Facilitatory Actions of Serotonin Type 3 Receptors on GABAergic Inhibitory Synaptic Transmission in the Spinal Superficial Dorsal Horn

¹Department of Physiology and Biological Information, Dokkyo Medical University School of Medicine, Tochigi; and ²Department of Genetic and Behavioral Neuroscience, Gunma University Graduate School of Medicine, Maebashi, Japan

Submitted 21 October 2008; accepted in final form 4 April 2009

Abstract

Analgesic effects of serotonin (5-hydroxytryptamine [5-HT]) type 3 (5-HT₃) receptors may involve the release of -aminobutyric acid (GABA) in the spinal dorsal horn. However, the precise synaptic mechanisms for 5-HT₃ receptor-mediated spinal analgesia are not clear. In this study, we investigated whether GABAergic neurons in the superficial dorsal horn (SDH) express functional 5-HT₃ receptors and how these 5-HT₃ receptors affect GABAergic inhibitory synaptic transmission in the SDH, by using slice preparations from adult glutamate decarboxylase 67–green fluorescent protein (GAD67-GFP) knock-in mice. Tight-seal whole cell recordings from GFP-positive and -negative neurons showed that 5-HT₃ receptor-specific agonist 2-methyl-serotonin (2-Me-5-HT) induced inward currents in a substantial population of both GFP-positive and -negative neurons.

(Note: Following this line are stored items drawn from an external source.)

lemma card_rerooted_tree:
  assumes "is_subtree V EC T F" "c < n"
  shows "card (rotate_cycle n (root_vertex c F) ` T) = card T"
proof -
  have "root_vertex c F < n" using root_vertex_lt assms unfolding is_subtree_def by blast
  then have "inj_on (rotate_cycle n (root_vertex c F)) V" by (rule inj_on_rotate_cycle)
  then have "inj_on (rotate_cycle n (root_vertex c F)) T"
    using assms(1) unfolding is_subtree_def by (meson inj_on_subset)
  then show ?thesis by (rule card_image)
qed

lemma zero_in_rerooted_tree:
  assumes "is_subtree V EC T F" "c < n" "(0, c) \<in> T"
  shows "(0, 0) \<in> rotate_cycle n (root_vertex c F) ` T"
proof -
  have "root_vertex c F < n" using root_vertex_lt assms unfolding is_subtree_def by blast
  then have "rotate_cycle n (root_vertex c F) (0, root_vertex c F) = (0, 0)" by simp
  moreover have "(0, root_vertex c F) \<in> T" using root_vertex_in_tree assms(1,3) by blast
  ultimately show ?thesis by (metis image_eqI)
qed

end

theorem lemma3:
  fixes n :: nat and ls :: "nat list" and att :: "nat \<Rightarrow> nat"
  assumes "n \<ge> 3"
    and "\<forall>l\<in>set ls. l > 0"
    and "\<forall>j < length ls. att j < n"
  shows "(\<forall>k. nk (cp_verts n ls) (cp_edges n ls att) k
               \<le> nk (cp_verts n ls) (cp_edges n ls (\<lambda>_. 0)) k)
       \<and> (\<forall>k. \<forall>i < n. nkv (cp_verts n ls) (cp_edges n ls att) (0, i) k
               \<le> nkv (cp_verts n ls) (cp_edges n ls (\<lambda>_. 0)) (0, 0) k)"
proof -
  interpret cycle_with_paths n ls att using assms by unfold_locales
  have "0 < n" using n_ge_3 by simp
  have "nk V EC k \<le> nk V ES k" for k
  proof -
    have "card {(T, F). is_subtree V EC T F \<and> card T = k}
        \<le> card {(T, F). is_subtree V ES T F \<and> card T = k}"
      by (rule card_subtrees_le_reroot[OF \<open>0 < n\<close>])
        (simp_all add: card_rerooted_tree[OF _ \<open>0 < n\<close>])
    then show ?thesis by (simp add: nk_def)
  qed
  moreover have "nkv V EC (0, i) k \<le> nkv V ES (0, 0) k" if "i < n" for i k
    unfolding nkv_def
    by (rule card_subtrees_le_reroot[OF that])
      (simp_all add: card_rerooted_tree[OF _ that] zero_in_rerooted_tree[OF _ that])
  ultimately show ?thesis by blast
qed

end
(* In the tracking setting, fix $k\geq0$. If $\|s_{k+1}-s_k\|_2<r_B$, $\|\bar w_k-w^\ast_k\|_2<q_B\rho$ and $$\Big(1+\frac{\lambda_H\lambda_B}{\rho}\Big)\|\bar w_k-w^\ast_k\|_2+\lambda_H\lambda_B r_B<\delta,$$ then $$\|\bar w_{k+1}-w^\infty_k\|_2\leq C(1+\rho\lambda_G)M^{-\psi}\Big(\lambda_B\lambda_H\|s_{k+1}-s_k\|_2+\Big(1+\frac{\lambda_B\lambda_H}{\rho}\Big)\|\bar w_k-w^\ast_k\|_2\Big).$$
   Context: Problem data: $z=(z_1,\dots,z_P)\in\mathbb{R}^{n_z}$; $\mathcal{Z}=\mathcal{Z}_1\times\cdots\times\mathcal{Z}_P$ a product of nonempty bounded boxes; $J(z)=\sum_iJ_i(z_i)$ with polynomials $J_i$; polynomial maps $Q_c:\mathbb{R}^{n_z}\to\mathbb{R}^m$, $g_i:\mathbb{R}^{n_i}\to\mathbb{R}^{q_i}$; $T_i\in\mathbb{R}^{q_i\times p}$; $q=\sum q_i$; $\mathcal{S}\subseteq\mathbb{R}^p$; $G(z,s)=(Q_c(z),g_1(z_1)+T_1s,\dots,g_P(z_P)+T_Ps)$; $L_\rho(z,\mu,s)=J(z)+(\mu+\frac\rho2G(z,s))^\top G(z,s)$; for $w=(z,\mu)$, $F(w,s)=(\nabla J(z)+\nabla_zG(z,s)^\top\mu,\ G(z,s))$; $\mathcal{N}:=\mathcal{N}_{\mathcal{Z}\times\mathbb{R}^{m+q}}$. A KKT point of $(P_s)$: $\min J(z)$ s.t. $G(z,s)=0$, $z\in\mathcal{Z}$, is $w$ with $0\in F(w,s)+\mathcal{N}(w)$. For a reference multiplier $\tilde\mu$: $H^{\tilde\mu}_\rho(w,d,s):=(\nabla J(z)+\nabla_zG(z,s)^\top\mu,\ G(z,s)+d+(\tilde\mu-\mu)/\rho)$. Constants: $\lambda_F:=P\max_i\|T_i\|_2$; $\lambda_H>0$ with $\|H^{\tilde\mu}_\rho(w,d,s)-H^{\tilde\mu}_\rho(w,d',s')\|\le\lambda_H\|(d,s)-(d',s')\|$ for all arguments; $\lambda_G>0$ a Lipschitz constant of $z\mapsto G(z,s)$ on $\mathcal{Z}$ (independent of $s$). Primal sweep on $L_\rho(\cdot,\mu,s)$: block-coordinate projected-gradient pass over $i=1,\dots,P$ in order, each block update $z_i\leftarrow\pi_{\mathcal{Z}_i}(z_i-\frac1{c_i}\nabla_{z_i}L_\rho)$ (gradient evaluated with already updated preceding blocks) with curvature $c_i$ obtained by backtracking (multiply by $\beta>1$ from an initial $c_i^0>0$) until $f(u)+\frac{\alpha_i}2\|u-z_i\|^2\le f(z_i)+\nabla f(z_i)^\top(u-z_i)+\frac{c_i}2\|u-z_i\|^2$ for the block function $f$, with $\alpha_i>0$. Tracking setting: fix $\rho>0$, $M\ge1$. Given parameters $(s_k)_{k\ge0}\subset\mathcal{S}$ and KKT points $w^\ast_k=(z^\ast_k,\mu^\ast_k)$ of $(P_{s_k})$. Iterates $\bar w_k=(\bar z_k,\bar\mu_k)$ with $\bar z_k\in\mathcal{Z}$ are produced by: $\bar z_{k+1}$ = result of $M$ successive primal sweeps on $L_\rho(\cdot,\bar\mu_k,s_{k+1})$ started at $\bar z_k$; $\bar\mu_{k+1}=\bar\mu_k+\rho G(\bar z_{k+1},s_{k+1})$. Let $z^\infty_k$ be the limit of infinitely many sweeps on $L_\rho(\cdot,\bar\mu_k,s_{k+1})$ started at $\bar z_k$, and $w^\infty_k:=(z^\infty_k,\ \bar\mu_k+\rho G(z^\infty_k,s_{k+1}))$; $d_k:=(\bar\mu_k-\mu^\ast_k)/\rho$. Standing hypotheses, for every $k$: (A) there are constants $r_A,\delta_A,\lambda_A>0$ (independent of $k$) such that for every $s\in\mathcal{B}(s_k,r_A)\cap\mathcal{S}$ there is a unique $w^\ast(s)\in\mathcal{B}(w^\ast_k,\delta_A)$ with $0\in F(w^\ast(s),s)+\mathcal{N}(w^\ast(s))$, for all $s,s'\in\mathcal{B}(s_k,r_A)\cap\mathcal{S}$ one has $\|w^\ast(s)-w^\ast(s')\|\le\lambda_A\|F(w^\ast(s'),s)-F(w^\ast(s'),s')\|$, and $w^\ast_{k+1}=w^\ast(s_{k+1})$ whenever $\|s_{k+1}-s_k\|<r_A$; (B) there are constants $r_B,q_B,\lambda_B>0$ and $\delta_B\ge\delta_A$ (independent of $k$) such that for all $d\in\mathcal{B}(0,q_B)$, $s\in\mathcal{B}(s_k,r_B)\cap\mathcal{S}$ there is a unique $w^\ast_k(d,s)\in\mathcal{B}(w^\ast_k,\delta_B)$ with $0\in H^{\mu^\ast_k}_\rho(w^\ast_k(d,s),d,s)+\mathcal{N}(w^\ast_k(d,s))$, and $\|w^\ast_k(d,s)-w^\ast_k(d',s')\|\le\lambda_B\|H^{\mu^\ast_k}_\rho(w^\ast_k(d',s'),d,s)-H^{\mu^\ast_k}_\rho(w^\ast_k(d',s'),d',s')\|$ for all such $d,d',s,s'$; (C) there are constants $C>0$, $\delta>0$, $\psi>0$ (independent of $k$) such that the sequence of sweeps defining $z^\infty_k$ converges, $w^\infty_k=w^\ast_k(d_k,s_{k+1})$ whenever $d_k\in\mathcal{B}(0,q_B)$ and $\|s_{k+1}-s_k\|<r_B$, and if $\|\bar z_k-z^\infty_k\|<\delta$ then $\|\bar z_{k+1}-z^\infty_k\|\le CM^{-\psi}\|\bar z_k-z^\infty_k\|$. (In the paper, $\psi=\psi(d_L,n_z)=1/(d_L(3d_L-3)^{n_z-1}-2)$ with $d_L$ the degree of the augmented Lagrangian.) *)

theory Defs
  imports "HOL-Analysis.Analysis"
begin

Additionally, we confirmed expression of 5-HT₃ receptors in both types of neurons by single-cell reverse transcription–polymerase chain reaction (RT-PCR) analysis. Further, GABA_A receptor-mediated inhibitory postsynaptic currents (IPSCs)—both those evoked by electrical stimulation and those occurring spontaneously in tetrodotoxin (i.e., miniature IPSCs [mIPSCs])—were recorded from GFP-negative neurons. 2-Me-5-HT increased the amplitude of the evoked IPSCs and the frequency of mIPSCs. The amplitude of mIPSCs was not affected by 2-Me-5-HT, suggesting that 5-HT augments GABAergic synaptic transmission via presynaptic mechanisms. The present observations indicate that 5-HT₃ receptors are expressed on both somadendritic regions and presynaptic terminals of GABAergic neurons and regulate GABA_A receptor-mediated inhibitory synaptic transmission in the SDH. Taken together, these results provide clues for the underlying mechanisms of the antinociceptive actions of 5-HT₃ receptors in the spinal dorsal horn.